Make it by deadline, or not, I’ll still keep pushing toward the goal.  But then, the new final goal on top of it, will feel (and be) further away…harder to push toward…without that buzzing high of having reached what I wanted to reach, the first time.

I tell myself, it is all for a good cause.  Health, and BMI charts, and all of  that has something to do with it, sure.  But honestly, this is mostly about my own sense of self. And an oncoming birthday. And security in my instrument to be able to tell the kind of stories I want to tell with it.

…My rules, my time.

…It’s about realizing and saying, “I don’t want this anymore, I don’t like it,” then going about changing things from that day on, at your own bidding. 

…It’s about taking control and killing the feeling of restless “stuck.”

…It’s about denying yourself the easy comforts in lieu of the well-earned ones, which somehow mean twice as much, feel more extravagant, and bring a whole new level of appreciation.

It doesn’t mean I wouldn’t readily dive into a 7-course Italian spread right now, if you offered it to me.
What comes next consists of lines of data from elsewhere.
lemma card_observed_le_of_grid:
  assumes d: "0 < d" and N: "0 < N" and p: "0 \<le> p" and K: "1 \<le> K" and \<eta>: "\<eta> \<le> 1"
    and grid: "\<forall>ks\<in>grid d N. \<bar>sampled_form d \<Omega> (grid_vec K d N ks)
                 - p * (\<Sum>i<d. grid_vec K d N ks i)\<^sup>2\<bar> \<le> \<eta> * p / 2"
  shows "real (card (\<Omega> \<inter> ({..<d} \<times> {..<d}))) * (K / real d)\<^sup>2 \<le> 2 * p * K\<^sup>2"
proof -
  define a where "a = K / real d"
  define C where "C = real (card (\<Omega> \<inter> ({..<d} \<times> {..<d})))"
  define corner where "corner = replicate d (int N)"
  have corner: "corner \<in> grid d N" by (auto simp: corner_def grid_def)
  have corner_a: "grid_vec K d N corner i = a" if "i < d" for i
    using that N by (simp add: corner_def grid_vec_def a_def)
  have "sampled_form d \<Omega> (grid_vec K d N corner) = (\<Sum>e\<in>\<Omega> \<inter> ({..<d} \<times> {..<d}). a * a)"
    unfolding sampled_form_def by (rule sum.cong) (auto simp: corner_a)
  then have "sampled_form d \<Omega> (grid_vec K d N corner) = C * a\<^sup>2"
    by (simp add: C_def power2_eq_square)
  moreover have "(\<Sum>i<d. grid_vec K d N corner i) = K" using d by (simp add: corner_a a_def)
  ultimately have "C * a\<^sup>2 \<le> p * K\<^sup>2 + \<eta> * p / 2" using abs_le_D1[OF bspec[OF grid corner]] by simp
  moreover have "\<eta> \<le> K\<^sup>2" using \<eta> one_le_power[OF K, of 2] by linarith
  then have "\<eta> * p \<le> K\<^sup>2 * p" using p by (rule mult_right_mono)
  ultimately show ?thesis
    using mult_nonneg_nonneg[OF p zero_le_power2[of K]] by (simp add: C_def a_def mult.commute)
qed

lemma form_concentrated_of_grid:
  assumes d: "0 < d" and p: "0 \<le> p" and K: "1 \<le> K" and \<eta>: "0 < \<eta>" "\<eta> \<le> 1"
    and N: "12 * K\<^sup>2 / \<eta> \<le> real N"
    and grid: "\<forall>ks\<in>grid d N. \<bar>sampled_form d \<Omega> (grid_vec K d N ks)
                 - p * (\<Sum>i<d. grid_vec K d N ks i)\<^sup>2\<bar> \<le> \<eta> * p / 2"
  shows "form_concentrated d \<Omega> p \<eta> K"
  unfolding form_concentrated_def
proof (intro allI impI)
  fix w assume w: "\<forall>i<d. \<bar>w i\<bar> \<le> K / real d"
  define a where "a = K / real d"
  define h where "h = K / (real d * real N)"
  define C where "C = real (card (\<Omega> \<inter> ({..<d} \<times> {..<d})))"
  have "0 < 12 * K\<^sup>2 / \<eta>" using K \<eta> by simp
  then have N0: "0 < real N" using N by linarith
  have ah: "a * h = a\<^sup>2 / real N" by (simp add: a_def h_def power2_eq_square)
  have C: "C * a\<^sup>2 \<le> 2 * p * K\<^sup>2"
    using card_observed_le_of_grid[OF d _ p K \<eta>(2) grid] N0 by (simp add: C_def a_def)
  obtain ks where ks: "ks \<in> grid d N" and wg: "\<forall>i<d. \<bar>w i - grid_vec K d N ks i\<bar> \<le> h"
    using grid_rounding[OF d _ _ w] N0 K unfolding h_def by auto
  define g where "g = grid_vec K d N ks"
  have g: "\<forall>i<d. \<bar>g i\<bar> \<le> a" using abs_grid_vec_le[OF ks] N0 K by (simp add: g_def a_def)
  have "\<bar>sampled_form d \<Omega> w - sampled_form d \<Omega> g\<bar> \<le> C * (2 * a * h)"
    using sampled_form_diff_le[of d w a g h \<Omega>] w g wg[folded g_def] by (simp add: C_def a_def)
  also have "\<dots> = 2 * (C * a\<^sup>2) / real N" by (simp add: ah mult.assoc mult.left_commute)
  also have "\<dots> \<le> 4 * p * K\<^sup>2 / real N" using C N0 by (simp add: divide_right_mono)
  finally have form_diff: "\<bar>sampled_form d \<Omega> w - sampled_form d \<Omega> g\<bar> \<le> 4 * p * K\<^sup>2 / real N" .
  have "\<bar>(\<Sum>i<d. w i)\<^sup>2 - (\<Sum>i<d. g i)\<^sup>2\<bar> \<le> real (d * d) * (2 * a * h)"
    using sampled_form_diff_le[of d w a g h UNIV] w g wg[folded g_def]
    by (simp add: square_sum_eq_sampled_form card_cartesian_product a_def del: of_nat_mult)
  also have "\<dots> = 2 * K\<^sup>2 / real N" using d by (simp add: a_def h_def power2_eq_square)
  finally have "p * \<bar>(\<Sum>i<d. w i)\<^sup>2 - (\<Sum>i<d. g i)\<^sup>2\<bar> \<le> p * (2 * K\<^sup>2 / real N)"
    using p by (rule mult_left_mono)
  also have "\<dots> = 2 * p * K\<^sup>2 / real N" by simp
  finally have sum_diff: "\<bar>p * (\<Sum>i<d. w i)\<^sup>2 - p * (\<Sum>i<d. g i)\<^sup>2\<bar> \<le> 2 * p * K\<^sup>2 / real N"
    using p by (simp add: abs_mult right_diff_distrib[symmetric])
  have "12 * K\<^sup>2 \<le> \<eta> * real N" using N \<eta> by (simp add: divide_le_eq mult.commute)
  then have "6 * K\<^sup>2 / real N \<le> \<eta> / 2" using N0 by (simp add: divide_le_eq)
  then have "p * (6 * K\<^sup>2 / real N) \<le> p * (\<eta> / 2)" using p by (rule mult_left_mono)
  then have "6 * p * K\<^sup>2 / real N \<le> \<eta> * p / 2" by (simp add: mult.commute)
  moreover have "\<bar>sampled_form d \<Omega> g - p * (\<Sum>i<d. g i)\<^sup>2\<bar> \<le> \<eta> * p / 2"
    using grid ks by (simp add: g_def)
  ultimately show "\<bar>sampled_form d \<Omega> w - p * (\<Sum>i<d. w i)\<^sup>2\<bar> \<le> \<eta> * p"
    using form_diff sum_diff by linarith
qed

lemma prob_not_form_concentrated_le:
  assumes p: "0 \<le> p" "p \<le> 1" and d: "0 < d" and K: "1 \<le> K" and \<eta>: "0 < \<eta>" "\<eta> \<le> 1"
    and N: "12 * K\<^sup>2 / \<eta> \<le> real N"
  shows "omega_prob d p (\<lambda>\<Omega>. \<not> form_concentrated d \<Omega> p \<eta> K)
     \<le> real ((2 * N + 1) ^ d) * (2 * exp (- (\<eta>\<^sup>2 * p * (real d)\<^sup>2 / (64 * K ^ 4))))"
proof -
  define bad where "bad ks \<Omega> \<longleftrightarrow>
    \<eta> * p / 2 < \<bar>sampled_form d \<Omega> (grid_vec K d N ks) - p * (\<Sum>i<d. grid_vec K d N ks i)\<^sup>2\<bar>" for ks \<Omega>
  have "0 < 12 * K\<^sup>2 / \<eta>" using K \<eta> by simp
  then have N0: "0 < N" using N by linarith
  have "omega_prob d p (\<lambda>\<Omega>. \<not> form_concentrated d \<Omega> p \<eta> K)
      \<le> omega_prob d p (\<lambda>\<Omega>. \<exists>ks\<in>grid d N. bad ks \<Omega>)"
    using form_concentrated_of_grid[OF d p(1) K \<eta> N]
    by (intro omega_prob_mono p) (force simp: bad_def)
  also have "\<dots> \<le> (\<Sum>ks\<in>grid d N. omega_prob d p (bad ks))"
    by (rule omega_prob_Union_le[OF finite_grid p])
  also have "\<dots> \<le> (\<Sum>ks\<in>grid d N. 2 * exp (- (\<eta>\<^sup>2 * p * (real d)\<^sup>2 / (64 * K ^ 4))))"
    unfolding bad_def using abs_grid_vec_le N0 K
    by (intro sum_mono prob_sampled_form_deviates_le[OF p d K \<eta>]) auto
  finally show ?thesis by (simp add: card_grid)
qed

section \<open>Local minima of the completion objective\<close>

text \<open>The coefficients of t and t^2 in mc_obj (x + t v): the directional derivative and half the
  second directional derivative.\<close>

definition mc_grad :: "nat \<Rightarrow> (nat \<times> nat) set \<Rightarrow> (nat \<Rightarrow> real) \<Rightarrow> (nat \<Rightarrow> real) \<Rightarrow> (nat \<Rightarrow> real) \<Rightarrow> real" where
  "mc_grad d \<Omega> z x v =
     (\<Sum>(i, j)\<in>\<Omega> \<inter> ({..<d} \<times> {..<d}). - ((z i * z j - x i * x j) * (x i * v j + v i * x j)))"

definition mc_curv :: "nat \<Rightarrow> (nat \<times> nat) set \<Rightarrow> (nat \<Rightarrow> real) \<Rightarrow> (nat \<Rightarrow> real) \<Rightarrow> (nat \<Rightarrow> real) \<Rightarrow> real" where
  "mc_curv d \<Omega> z x v =
     (\<Sum>(i, j)\<in>\<Omega> \<inter> ({..<d} \<times> {..<d}). (x i * v j + v i * x j)\<^sup>2 / 2 - (z i * z j - x i * x j) * (v i * v j))"

lemma mc_obj_along_line:
  "\<exists>a3 a4. \<forall>t. mc_obj d \<Omega> z (\<lambda>i. x i + t * v i)
     = mc_obj d \<Omega> z x + mc_grad d \<Omega> z x v * t + mc_curv d \<Omega> z x v * t\<^sup>2 + a3 * t ^ 3 + a4 * t ^ 4"
proof (intro exI allI)
  fix t :: real
  define Obs where "Obs = \<Omega> \<inter> ({..<d} \<times> {..<d})"
  define c0 where "c0 = (\<lambda>(i, j). (z i * z j - x i * x j)\<^sup>2 / 2)"
  define c1 where "c1 = (\<lambda>(i, j). - ((z i * z j - x i * x j) * (x i * v j + v i * x j)))"
  define c2 where "c2 = (\<lambda>(i, j). (x i * v j + v i * x j)\<^sup>2 / 2 - (z i * z j - x i * x j) * (v i * v j))"
  define c3 where "c3 = (\<lambda>(i, j). (x i * v j + v i * x j) * (v i * v j))"
  define c4 where "c4 = (\<lambda>(i, j). (v i * v j)\<^sup>2 / 2)"
  have obj: "mc_obj d \<Omega> z y = (\<Sum>(i, j)\<in>Obs. (z i * z j - y i * y j)\<^sup>2 / 2)" for y
    by (simp add: mc_obj_def Obs_def sum_distrib_left case_prod_unfold)
  have "(\<lambda>(i, j). (z i * z j - (x i + t * v i) * (x j + t * v j))\<^sup>2 / 2) e
      = c0 e + c1 e * t + c2 e * t\<^sup>2 + c3 e * t ^ 3 + c4 e * t ^ 4" for e
    by (cases e) (simp add: c0_def c1_def c2_def c3_def c4_def power2_eq_square power3_eq_cube
                    power4_eq_xxxx field_simps)
  then have "mc_obj d \<Omega> z (\<lambda>i. x i + t * v i)
      = sum c0 Obs + sum c1 Obs * t + sum c2 Obs * t\<^sup>2 + sum c3 Obs * t ^ 3 + sum c4 Obs * t ^ 4"
    by (simp add: obj sum.distrib sum_distrib_right)
  moreover have "sum c0 Obs = mc_obj d \<Omega> z x" by (simp add: obj c0_def)
  moreover have "sum c1 Obs = mc_grad d \<Omega> z x v" by (simp add: mc_grad_def Obs_def c1_def)
  moreover have "sum c2 Obs = mc_curv d \<Omega> z x v" by (simp add: mc_curv_def Obs_def c2_def)
  ultimately show "mc_obj d \<Omega> z (\<lambda>i. x i + t * v i) = mc_obj d \<Omega> z x + mc_grad d \<Omega> z x v * t
      + mc_curv d \<Omega> z x v * t\<^sup>2 + sum c3 Obs * t ^ 3 + sum c4 Obs * t ^ 4"
    by simp
qed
…It means, I simply don’t have room to wolf it all down anymore, so have to content myself with the supreme pleasure of a thousand beautiful smells, (which cost nothing), and one helping…chosen painstakingly, specific in its lust for every flavor, planned out in expectation, for a perfect…single..plate…of “omygod-yum.”

Shit.

Now I’m hungry.

Dammit.  Why do I do these things to me?